In the pathological speech enhancement literature, some of the reported works, focus on the segmentation of the disordered phoneme followed by modification of the same [30, 28, 29, 20]. In several other studies, specific enhancement strategies are developed based on the disordered phenomena. In the aforementioned studies, phoneme specific modifications are attempted. These studies were effective for isolated phoneme analysis and modification. In contrast, considering a more realistic situation, the speech intelligibility and quality must be analyzed for words, and phrases. In clinical settings, when CLP speech is analyzed for enhancement tasks, the speech language pathologists (SLP), first work on isolated phonemes. Once a CLP speaker has mastered the correct phoneme production, the SLPs embed the phoneme in a word and analyze the speech intelligibility of an entire word. Further, this process is observed in a phrase and conversational speech. In a study, it is reported that a speaker may produce a phoneme correctly in isolation, but the same may be produced in error in a word-level and short phrases due to the influence of phonetic contexts . Hence, the SLPs evaluate and attempt to enhance the CLP speech by minimizing the influence of phonetic contexts. In the similar direction, the present work also focuses on the word-level intelligibility via combination of phoneme specific modification techniques reported in our earlier works [28, 29, 27]. In those works, we have demonstrated the ability to modify the phoneme specific distortions for fricative /s/, stop consonant /k/, /t/, /T/ and vowels /a/, /i/, /u/. In the present work, the relevant phoneme specific enhancement techniques are combined to improve the entire word-level intelligibility.
2 Transforming word-level speech intelligibility
In this work, nonsensical word modification is attempted by combining the specific phoneme modification techniques discussed in the our earlier works. Several words are formed by the possible combinations of the phonemes studied in the reported works. When a single transformation method is used to modify the entire word, it is observed that the speech sounds muffled. Thus, further processing is required to achieve a good quality enhanced speech. various issues exist in performing the entire word-level intelligibility because phonemes are either substituted by other phonemes or nasal consonants or gets nasalized. Different types of other misarticulation also affects the CLP speech intelligibility and quality. It is challenging to detect such misarticulations in an unsupervised method. Therefore, certain assumptions are made prior to the enhancement task.

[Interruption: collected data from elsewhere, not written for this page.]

(* Let $\mathcal{G}$ be a hypergraph with at least one edge. Then $|\lambda_{\min}(A_{\mathcal{G}})|\ge 1/(r(\mathcal{G})-1)$, where $\lambda_{\min}(A_{\mathcal{G}})$ is the smallest eigenvalue of $A_{\mathcal{G}}$.
   Context: A hypergraph $\mathcal{G}=(V,E)$ has a finite vertex set $V$ and a set $E$ of subsets of $V$ (edges), each of cardinality at least $2$. The rank $r(\mathcal{G})$ is the maximum cardinality of an edge. The adjacency matrix $A_{\mathcal{G}}$ has $(A_{\mathcal{G}})_{ij}=\sum_{e\in E,\, i,j\in e}\frac{1}{|e|-1}$ for $i\ne j$ and zero diagonal. *)

theory Defs
  imports "HOL-Analysis.Analysis"
begin

text \<open>A hypergraph on the finite vertex type 'n (vertex set V = UNIV):
  a set E of edges, each a subset of V of cardinality at least 2.\<close>
definition hypergraph :: "'n::finite set set \<Rightarrow> bool" where
  "hypergraph E \<longleftrightarrow> (\<forall>e\<in>E. card e \<ge> 2)"

definition hrank :: "'n::finite set set \<Rightarrow> nat" where
  "hrank E = Max (card ` E)"

definition hadj :: "'n::finite set set \<Rightarrow> real^'n^'n" where
  "hadj E = (\<chi> i j. if i = j then 0
      else (\<Sum>e\<in>{e\<in>E. i \<in> e \<and> j \<in> e}. 1 / (real (card e) - 1)))"

definition eigenvalues :: "real^'n^'n \<Rightarrow> real set" where
  "eigenvalues A = {l. \<exists>v. v \<noteq> 0 \<and> A *v v = l *\<^sub>R v}"

definition lambda_min :: "real^'n^'n \<Rightarrow> real" where
  "lambda_min A = Min (eigenvalues A)"

end

theory Submission
  imports Defs
begin

text \<open>The smallest eigenvalue of a real symmetric matrix is the minimum of its Rayleigh
  quotient. The adjacency matrix of a hypergraph is symmetric with zero diagonal, so testing
  the Rayleigh quotient on \<open>e\<^sub>i - e\<^sub>j\<close>, for two vertices \<open>i \<noteq> j\<close> of a common edge \<open>e\<close>, gives
  \<open>\<lambda>\<^sub>m\<^sub>i\<^sub>n \<le> -A\<^sub>i\<^sub>j \<le> -1/(|e| - 1) \<le> -1/(r - 1)\<close>.\<close>

lemma symmetric_matrix_inner_commute:
  fixes A :: "real^'n^'n"
  assumes "transpose A = A"
  shows "x \<bullet> (A *v y) = y \<bullet> (A *v x)"
proof -
  have "x \<bullet> (A *v y) = (x v* A) \<bullet> y" by (simp add: dot_lmul_matrix)
  also have "x v* A = A *v x" using vector_transpose_matrix[of x A] assms by simp
  finally show ?thesis by (simp add: inner_commute)
qed

lemma psd_symmetric_matrix_null_vector:
  fixes B :: "real^'n^'n"
  assumes sym: "transpose B = B"
    and psd: "\<And>y. 0 \<le> y \<bullet> (B *v y)"
    and null: "x \<bullet> (B *v x) = 0"
  shows "B *v x = 0"
proof -
  define z where "z = B *v x"
  define b where "b = z \<bullet> (B *v z)"
  have quad: "0 \<le> 2 * t * (z \<bullet> z) + t\<^sup>2 * b" for t
  proof -
    have "0 \<le> (x + t *\<^sub>R z) \<bullet> (B *v (x + t *\<^sub>R z))" by (rule psd)
    also have "\<dots> = x \<bullet> (B *v x) + t * (x \<bullet> (B *v z)) + t * (z \<bullet> z) + t\<^sup>2 * b"
      by (simp add: b_def z_def matrix_vector_right_distrib inner_add_left inner_add_right
          power2_eq_square algebra_simps flip: scaleR_matrix_vector_assoc)
    also have "x \<bullet> (B *v z) = z \<bullet> z"
      using symmetric_matrix_inner_commute[OF sym, of x z] by (simp add: z_def)
    finally show ?thesis using null by simp
  qed
  show ?thesis
  proof (rule ccontr)
    assume "B *v x \<noteq> 0"
    then have a: "z \<bullet> z > 0" by (simp add: z_def)
    \<comment> \<open>a small negative \<open>t\<close> makes the linear term dominate\<close>
    define t where "t = - (z \<bullet> z) / (\<bar>b\<bar> + 1)"
    have "2 * t * (z \<bullet> z) + t\<^sup>2 * b \<le> 2 * t * (z \<bullet> z) + t\<^sup>2 * (\<bar>b\<bar> + 1)"
      by (intro add_left_mono mult_left_mono) auto
    also have "\<dots> = t * (z \<bullet> z)"
      by (simp add: t_def power2_eq_square)
    also have "\<dots> < 0" using a by (simp add: t_def mult_neg_pos add_pos_nonneg)
    finally show False using quad[of t] by simp
  qed
qed

lemma quadratic_form_attains_min_on_sphere:
  fixes A :: "real^'n^'n"
  obtains x where "norm x = 1" and "\<And>y. (x \<bullet> (A *v x)) * (y \<bullet> y) \<le> y \<bullet> (A *v y)"
proof -
  let ?q = "\<lambda>x::real^'n. x \<bullet> (A *v x)"
  have cont: "continuous_on (sphere 0 1) ?q"
    by (intro continuous_intros)
  obtain x where x: "x \<in> sphere (0::real^'n) 1"
    and min: "\<And>y. y \<in> sphere 0 1 \<Longrightarrow> ?q x \<le> ?q y"
    using continuous_attains_inf[OF compact_sphere _ cont] by auto
  have "?q x * (y \<bullet> y) \<le> ?q y" for y
  proof (cases "y = 0")
    case False
    define u where "u = (1 / norm y) *\<^sub>R y"
    have "u \<in> sphere 0 1" using False by (simp add: u_def)
    then have "?q x \<le> ?q u" by (rule min)
    also have "?q u = ?q y / (norm y)\<^sup>2"
      by (simp add: u_def matrix_vector_mult_scaleR power2_eq_square)
    finally have "?q x * (norm y)\<^sup>2 \<le> ?q y" using False by (simp add: pos_le_divide_eq)
    then show ?thesis by (simp add: power2_norm_eq_inner)
  qed simp
  with x that show ?thesis by simp
qed

lemma symmetric_matrix_rayleigh_eigenvector:
  fixes A :: "real^'n^'n"
  assumes sym: "transpose A = A"
  obtains \<mu> x where "x \<noteq> 0" and "A *v x = \<mu> *\<^sub>R x" and "\<And>y. \<mu> * (y \<bullet> y) \<le> y \<bullet> (A *v y)"
proof -
  obtain x where x: "norm x = 1" and min: "\<And>y. (x \<bullet> (A *v x)) * (y \<bullet> y) \<le> y \<bullet> (A *v y)"
    using quadratic_form_attains_min_on_sphere by blast
  define \<mu> where "\<mu> = x \<bullet> (A *v x)"
  define B where "B = A - \<mu> *\<^sub>R mat 1"
  have B_mult: "B *v y = A *v y - \<mu> *\<^sub>R y" for y
    by (simp add: B_def matrix_vector_mult_diff_rdistrib flip: scaleR_matrix_vector_assoc)
  have "transpose B = B"
    using sym by (simp add: B_def transpose_def vec_eq_iff mat_def)
  moreover have "0 \<le> y \<bullet> (B *v y)" for y
    using min[of y] by (simp add: B_mult inner_diff_right \<mu>_def)
  moreover have "x \<bullet> (B *v x) = 0"
    using x by (simp add: B_mult inner_diff_right \<mu>_def flip: power2_norm_eq_inner)
  ultimately have "B *v x = 0" by (rule psd_symmetric_matrix_null_vector)
  then have "A *v x = \<mu> *\<^sub>R x" by (simp add: B_mult)
  moreover have "x \<noteq> 0" using x by auto
  ultimately show ?thesis using that min unfolding \<mu>_def by blast
qed

lemma finite_eigenvalues_symmetric_matrix:
  fixes A :: "real^'n^'n"
  assumes sym: "transpose A = A"
  shows "finite (eigenvalues A)"
proof -
  define v where "v = (\<lambda>l. SOME v. v \<noteq> 0 \<and> A *v v = l *\<^sub>R v)"
  have v: "v l \<noteq> 0 \<and> A *v v l = l *\<^sub>R v l" if "l \<in> eigenvalues A" for l
    using that unfolding eigenvalues_def v_def by (metis (mono_tags, lifting) someI_ex mem_Collect_eq)
  have orth: "v l \<bullet> v m = 0" if "l \<in> eigenvalues A" "m \<in> eigenvalues A" "l \<noteq> m" for l m
  proof -
    have "v l \<bullet> (A *v v m) = v m \<bullet> (A *v v l)" by (rule symmetric_matrix_inner_commute[OF sym])
    then have "m * (v l \<bullet> v m) = l * (v l \<bullet> v m)"
      using v[OF that(1)] v[OF that(2)] by (simp add: inner_commute)
    then show ?thesis using that(3) by simp
  qed
  have "inj_on v (eigenvalues A)"
    by (rule inj_onI) (metis orth v inner_eq_zero_iff)
  moreover have "independent (v ` eigenvalues A)"
    by (rule pairwise_orthogonal_independent)
      (use orth v in \<open>fastforce simp: pairwise_def orthogonal_def\<close>)+
  ultimately show ?thesis
    using independent_imp_finite finite_imageD by blast
qed

lemma lambda_min_le_rayleigh:
  fixes A :: "real^'n^'n"
  assumes sym: "transpose A = A"
  shows "lambda_min A * (y \<bullet> y) \<le> y \<bullet> (A *v y)"
proof -
  obtain \<mu> x where x: "x \<noteq> 0" "A *v x = \<mu> *\<^sub>R x"
    and min: "\<And>y. \<mu> * (y \<bullet> y) \<le> y \<bullet> (A *v y)"
    using symmetric_matrix_rayleigh_eigenvector[OF sym] by metis
  from x have mem: "\<mu> \<in> eigenvalues A" unfolding eigenvalues_def by blast
  have lower: "\<mu> \<le> l" if "l \<in> eigenvalues A" for l
  proof -
    have "\<exists>w. w \<noteq> 0 \<and> A *v w = l *\<^sub>R w" using that by (simp add: eigenvalues_def)
    then obtain w where w: "w \<noteq> 0" "A *v w = l *\<^sub>R w" by blast
    have "w \<bullet> (A *v w) = l * (w \<bullet> w)" using w(2) by simp
    then have "\<mu> * (w \<bullet> w) \<le> l * (w \<bullet> w)" using min[of w] by linarith
    moreover have "0 < w \<bullet> w" using w(1) by simp
    ultimately show ?thesis by (rule mult_right_le_imp_le)
  qed
  have lambda_min_eq: "lambda_min A = \<mu>"
    unfolding lambda_min_def
    by (rule Min_eqI[OF finite_eigenvalues_symmetric_matrix[OF sym]]) (use lower mem in auto)
  show ?thesis unfolding lambda_min_eq by (rule min)
qed

lemma lambda_min_le_neg_offdiagonal:
  fixes A :: "real^'n^'n"
  assumes sym: "transpose A = A"
    and diag: "\<And>k. A $ k $ k = 0"
    and "i \<noteq> j"
  shows "lambda_min A \<le> - A $ i $ j"
proof -
  define y :: "real^'n" where "y = axis i 1 - axis j 1"
  have yy: "y \<bullet> y = 2"
    using \<open>i \<noteq> j\<close> by (simp add: y_def inner_diff_left inner_diff_right inner_axis_axis)
  have yAy: "y \<bullet> (A *v y) = A $ i $ i - A $ i $ j - (A $ j $ i - A $ j $ j)"
    unfolding y_def matrix_vector_mult_diff_distrib matrix_vector_mult_basis
      inner_diff_left inner_diff_right inner_axis' by (simp add: column_def)
  have "A $ j $ i = A $ i $ j"
    using arg_cong[OF sym, of "\<lambda>M. M $ i $ j"] by (simp add: transpose_def)
  with lambda_min_le_rayleigh[OF sym, of y] show ?thesis
    unfolding yy yAy using diag[of i] diag[of j] by linarith
qed

lemma transpose_hadj: "transpose (hadj E) = hadj E"
proof -
  have "{e \<in> E. j \<in> e \<and> i \<in> e} = {e \<in> E. i \<in> e \<and> j \<in> e}" for i j by blast
  then show ?thesis by (simp add: transpose_def hadj_def vec_eq_iff eq_commute)
qed

lemma hadj_diagonal: "hadj E $ k $ k = 0"
  by (simp add: hadj_def)

lemma hadj_ge_edge:
  assumes "hypergraph E" and "e \<in> E" and "i \<in> e" "j \<in> e" "i \<noteq> j"
  shows "1 / (real (card e) - 1) \<le> hadj E $ i $ j"
proof -
  let ?w = "\<lambda>f::'a set. 1 / (real (card f) - 1)"
  have "?w f \<ge> 0" if "f \<in> E" for f
    using assms(1) that unfolding hypergraph_def by fastforce
  then have "?w e \<le> (\<Sum>f\<in>{f\<in>E. i \<in> f \<and> j \<in> f}. ?w f)"
    using assms(2-4) by (intro member_le_sum) auto
  then show ?thesis using \<open>i \<noteq> j\<close> by (simp add: hadj_def)
qed

lemma hypergraph_edge_two_vertices:
  assumes "hypergraph E" and "e \<in> E"
  obtains i j where "i \<in> e" "j \<in> e" "i \<noteq> j"
proof -
  have e2: "2 \<le> card e" using assms unfolding hypergraph_def by blast
  then obtain i where i: "i \<in> e" by fastforce
  have "0 < card (e - {i})" using e2 i by (simp add: card_Diff_singleton)
  then obtain j where "j \<in> e - {i}" by (auto simp: card_gt_0_iff)
  with i that show ?thesis by blast
qed

lemma card_le_hrank: "e \<in> E \<Longrightarrow> card e \<le> hrank E"
  unfolding hrank_def by (intro Max_ge) auto

theorem corollary2:
  fixes E :: "'n::finite set set"
  assumes "hypergraph E"
    and "E \<noteq> {}"
  shows "\<bar>lambda_min (hadj E)\<bar> \<ge> 1 / (real (hrank E) - 1)"
proof -
  obtain e where e: "e \<in> E" using assms(2) by blast
  obtain i j where ij: "i \<in> e" "j \<in> e" "i \<noteq> j"
    using hypergraph_edge_two_vertices[OF assms(1) e] .
  have "2 \<le> card e" using assms(1) e unfolding hypergraph_def by blast
  then have "1 / (real (hrank E) - 1) \<le> 1 / (real (card e) - 1)"
    using card_le_hrank[OF e] by (intro divide_left_mono) auto
  also have "\<dots> \<le> hadj E $ i $ j"
    using hadj_ge_edge[OF assms(1) e ij] .
  also have "\<dots> \<le> - lambda_min (hadj E)"
    using lambda_min_le_neg_offdiagonal[OF transpose_hadj[of E] hadj_diagonal \<open>i \<noteq> j\<close>] by simp
  finally show ?thesis by simp
qed

end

In CLP speech, the production of obstruents are mainly affected due to the loss of adequate intra-oral pressure or mislearned compensatory articulation. Due to the production error, important acoustic-phonetic cues related to obstruents, such as transient burst, frication noise, and formant dynamics in the adjacent sonorant’s transition region are degraded. Therefore, it is expected that deviations in their productions, that are reflected on the acoustic signal may be correlated with the perceived CLP speech intelligibility. On the other hand, due to nasalization, the voiced sounds are mostly affected. In a word, when the obstruents are modified, distorted voiced sounds could still affect the overall intelligibility. This renders the modification of the voiced sounds as well. Hence, characterizing all the deviations using relevant acoustic features and then modification of the same are expected to provide intelligible speech. The knowledge of deviated acoustic characteristics explored for the analysis of CLP speech in the previous works [27, 29, 28] can be used to enhance the distorted word intelligibility.
2.1 Database description
The database was created in collaboration with the speech language pathologists (SLPs) of All India Institute of Speech and Hearing (AIISH), Mysuru, India. The database consists of age and gender matched CLP and non-CLP speakers’ speech. The non-CLP speakers served as controls for the study. Both the CLP and non-CLP children are native Kannada speakers. Prior to the recording, ethical consents were obtained from the parents/caregivers of each of the participants. An overview of the study is provided to the parents/caregivers. The study was conducted with clearance from the AIISH Bio-behavioral ethical committee. In this work, nonsensical words are used for analysis and modification. All the speech samples are recorded in a sound-proof room using a speech level meter (Bruel and Kjær) at a sampling frequency of 48 kHz and 16-bit resolution . The recorded speech samples are saved in a .WAV format. The microphone was placed at a distance of 15 cm from each speaker while recording. During recording, the instructor first uttered the target word, then the response of the children was recorded. Each of the expert SLP had an experience of around five years in the field of CLP speech evaluation. The speech samples are recorded for 2-3 sessions for each of the speaker. The total number of speakers, number of tokens, and assessment of the distorted samples for fricatives, stops, and vowels can be found in , , and  respectively.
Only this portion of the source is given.